SAN FRANCISCO, Calif. (KRON) – Fatal drug overdoses are expected to break records in San Francisco this year with the powerful opioid fentanyl continuing to push the death toll higher.
KRON4’s Maureen Kelly takes a closer look at the life saving drug Narcan.
Which is a key component in the city’s strategy to make this drug epidemic less deadly.
Bill Buehlman is using his colleague at Healthright 360 to give a refresher course on how to administer Narcan or Naloxone, which can reverse the effects of an opioid overdose.
Maureen had a firsthand experience giving doses of the life-saving drug on Monday morning to a young man who had been non-responsive.
If trying to roust the potential overdose victim verbally, and then with a sternum rub fails, Buelhman then sticks the narcan dispenser up the nostril.
The Narcan comes in a two-dose box, and it’s recommended to wait 2-3 minutes before giving the second round if needed.
But Buehlman says with the powerful opioid fentanyl, sometimes even just two sprays wont’ cut it.
“Because there aren’t ill effects from mistakenly administering Naloxone, it makes it very easy and safe to administer,” said Dr. Hillary Kunins
Last year the Department of Public Health, through community partners and other city agencies including the fire department, gave out more than 60,000 doses and expects to give out even more this year.

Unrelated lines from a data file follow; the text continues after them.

lemma fitch_pmf_Node:
  "fitch_pmf (Node p1 a p2 b) s = fitch_combine_pmf (stem_fitch_pmf p1 a s) (stem_fitch_pmf p2 b s)"
proof -
  have "fitch_pmf (Node p1 a p2 b) s = bind_pmf (edge_step s p1) (\<lambda>s1. bind_pmf (edge_step s p2)
      (\<lambda>s2. fitch_combine_pmf (fitch_pmf a s1) (fitch_pmf b s2)))"
    unfolding fitch_pmf_def fitch_combine_pmf_def
    by (simp add: map_bind_pmf bind_map_pmf map_pmf_comp)
      (intro bind_pmf_cong refl map_pmf_cong; simp add: length_leaf_states)
  then show ?thesis
    unfolding stem_fitch_pmf_def fitch_combine_pmf_def bind_assoc_pmf map_bind_pmf
    by (subst bind_commute_pmf) simp
qed

lemma fitch_combine_simps:
  "fitch_combine {s} {s} = {s}" "fitch_combine {s} {\<not> s} = UNIV" "fitch_combine {s} UNIV = {s}"
  "fitch_combine {\<not> s} {s} = UNIV" "fitch_combine {\<not> s} {\<not> s} = {\<not> s}"
  "fitch_combine {\<not> s} UNIV = {\<not> s}"
  "fitch_combine UNIV {s} = {s}" "fitch_combine UNIV {\<not> s} = {\<not> s}" "fitch_combine UNIV UNIV = UNIV"
  by (cases s; auto simp: fitch_combine_def)+

lemma expectation_fitch_combine_pmf:
  fixes f :: "bool set \<Rightarrow> real"
  shows "measure_pmf.expectation (fitch_combine_pmf DA DB) f =
    measure_pmf.expectation DA (\<lambda>A. measure_pmf.expectation DB (\<lambda>B. f (fitch_combine A B)))"
  unfolding fitch_combine_pmf_def by (simp add: expectation_bind_pmf_finite)
lemma signed_measure_Union:
  assumes "signed_measure M f" "finite F" "F \<subseteq> sets M" "disjoint F"
  shows "(\<Sum>B\<in>F. f B) = f (\<Union>F)"
  using assms(2-4)
proof (induction F rule: finite_induct)
  case empty
  then show ?case using signed_measure_empty[OF assms(1)] by simp
next
  case (insert B F)
  have "disjoint F" using insert.prems(2) by (simp add: pairwise_insert)
  have "B \<inter> \<Union>F = {}" using insert.prems(2) insert.hyps(2) by (auto simp: pairwise_insert disjnt_def)
  with insert \<open>disjoint F\<close> have "(\<Sum>C\<in>insert B F. f C) = f B + f (\<Union>F)" by simp
  also have "\<dots> = f (B \<union> \<Union>F)"
    using insert \<open>B \<inter> \<Union>F = {}\<close>
    by (intro additiveD[OF signed_measure_additive[OF assms(1)], symmetric]) (auto intro: sets.finite_Union)
  finally show ?case by simp
qed

lemma signed_measure_mono:
  assumes "signed_measure M f" "X \<in> sets M" "Y \<in> sets M" "X \<subseteq> Y" "0 \<le> f (Y - X)"
  shows "f X \<le> f Y"
proof -
  have "f Y = f X + f (Y - X)"
    using assms(2-4) additiveD[OF signed_measure_additive[OF assms(1)], of X "Y - X"]
    by (simp add: Un_absorb1)
  then show ?thesis using assms(5) by (simp add: add_increasing2)
qed

lemma signed_measure_restrict:
  assumes "signed_measure M f" "S \<in> sets M"
  shows "signed_measure M (\<lambda>A. f (A \<inter> S))"
  unfolding signed_measure_def
proof (intro conjI allI impI)
  show "f ({} \<inter> S) = 0" using signed_measure_empty[OF assms(1)] by simp
  show "\<not> (\<exists>A\<in>sets M. f (A \<inter> S) = \<infinity>) \<or> \<not> (\<exists>A\<in>sets M. f (A \<inter> S) = -\<infinity>)"
    using signed_measure_one_sided[OF assms(1)] assms(2) by blast
  fix A :: "nat \<Rightarrow> 'a set" assume "range A \<subseteq> sets M" "disjoint_family A"
  then have "(\<lambda>n. f (A n \<inter> S)) sums f (\<Union>n. A n \<inter> S)"
    using assms by (intro signed_measure_sums) (auto simp: disjoint_family_on_def)
  then show "(\<lambda>n. f (A n \<inter> S)) sums f ((\<Union>n. A n) \<inter> S)" by simp
qed

lemma signed_measure_uminus:
  assumes "signed_measure M f"
  shows "signed_measure M (\<lambda>A. - f A)"
  unfolding signed_measure_def
proof (intro conjI allI impI)
  show "- f {} = 0" using signed_measure_empty[OF assms] by simp
  show "\<not> (\<exists>A\<in>sets M. - f A = \<infinity>) \<or> \<not> (\<exists>A\<in>sets M. - f A = -\<infinity>)"
    using signed_measure_one_sided[OF assms] by (auto simp: ereal_uminus_eq_reorder)
  fix A :: "nat \<Rightarrow> 'a set" assume A: "range A \<subseteq> sets M" "disjoint_family A"
  have "(\<Sum>i<n. - f (A i)) = - (\<Sum>i<n. f (A i))" for n
    using signed_measure_one_sided[OF assms] A by (subst ereal_uminus_sum) auto
  moreover have "(\<lambda>n. \<Sum>i<n. f (A i)) \<longlonglongrightarrow> f (\<Union>n. A n)"
    using signed_measure_sums[OF assms A] by (simp add: sums_def)
  ultimately show "(\<lambda>n. - f (A n)) sums - f (\<Union>n. A n)"
    by (simp add: sums_def)
qed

“Our goal is to put this effective tool into the hands of people who could respond, who are often people themselves who use drugs, who themselves may be at risk for overdose. This is a tool to help people take care of each other,” Dr. Hillary Kunins said.
Buehlman himself has been on the receiving end of Narcan approximately seven times, before going into treatment in 1999 and turning his life around.
Since then he says he’s lost track of how many times he’s performed the life saving act over the last twenty years in his work in harm reduction.
“Every single person who’s using fentanyl is somebody’s wife, husband, daughter, sister, brother, and every life is worth saving,” Buehlman said.
Because as he points out dead people don’t get a chance to change.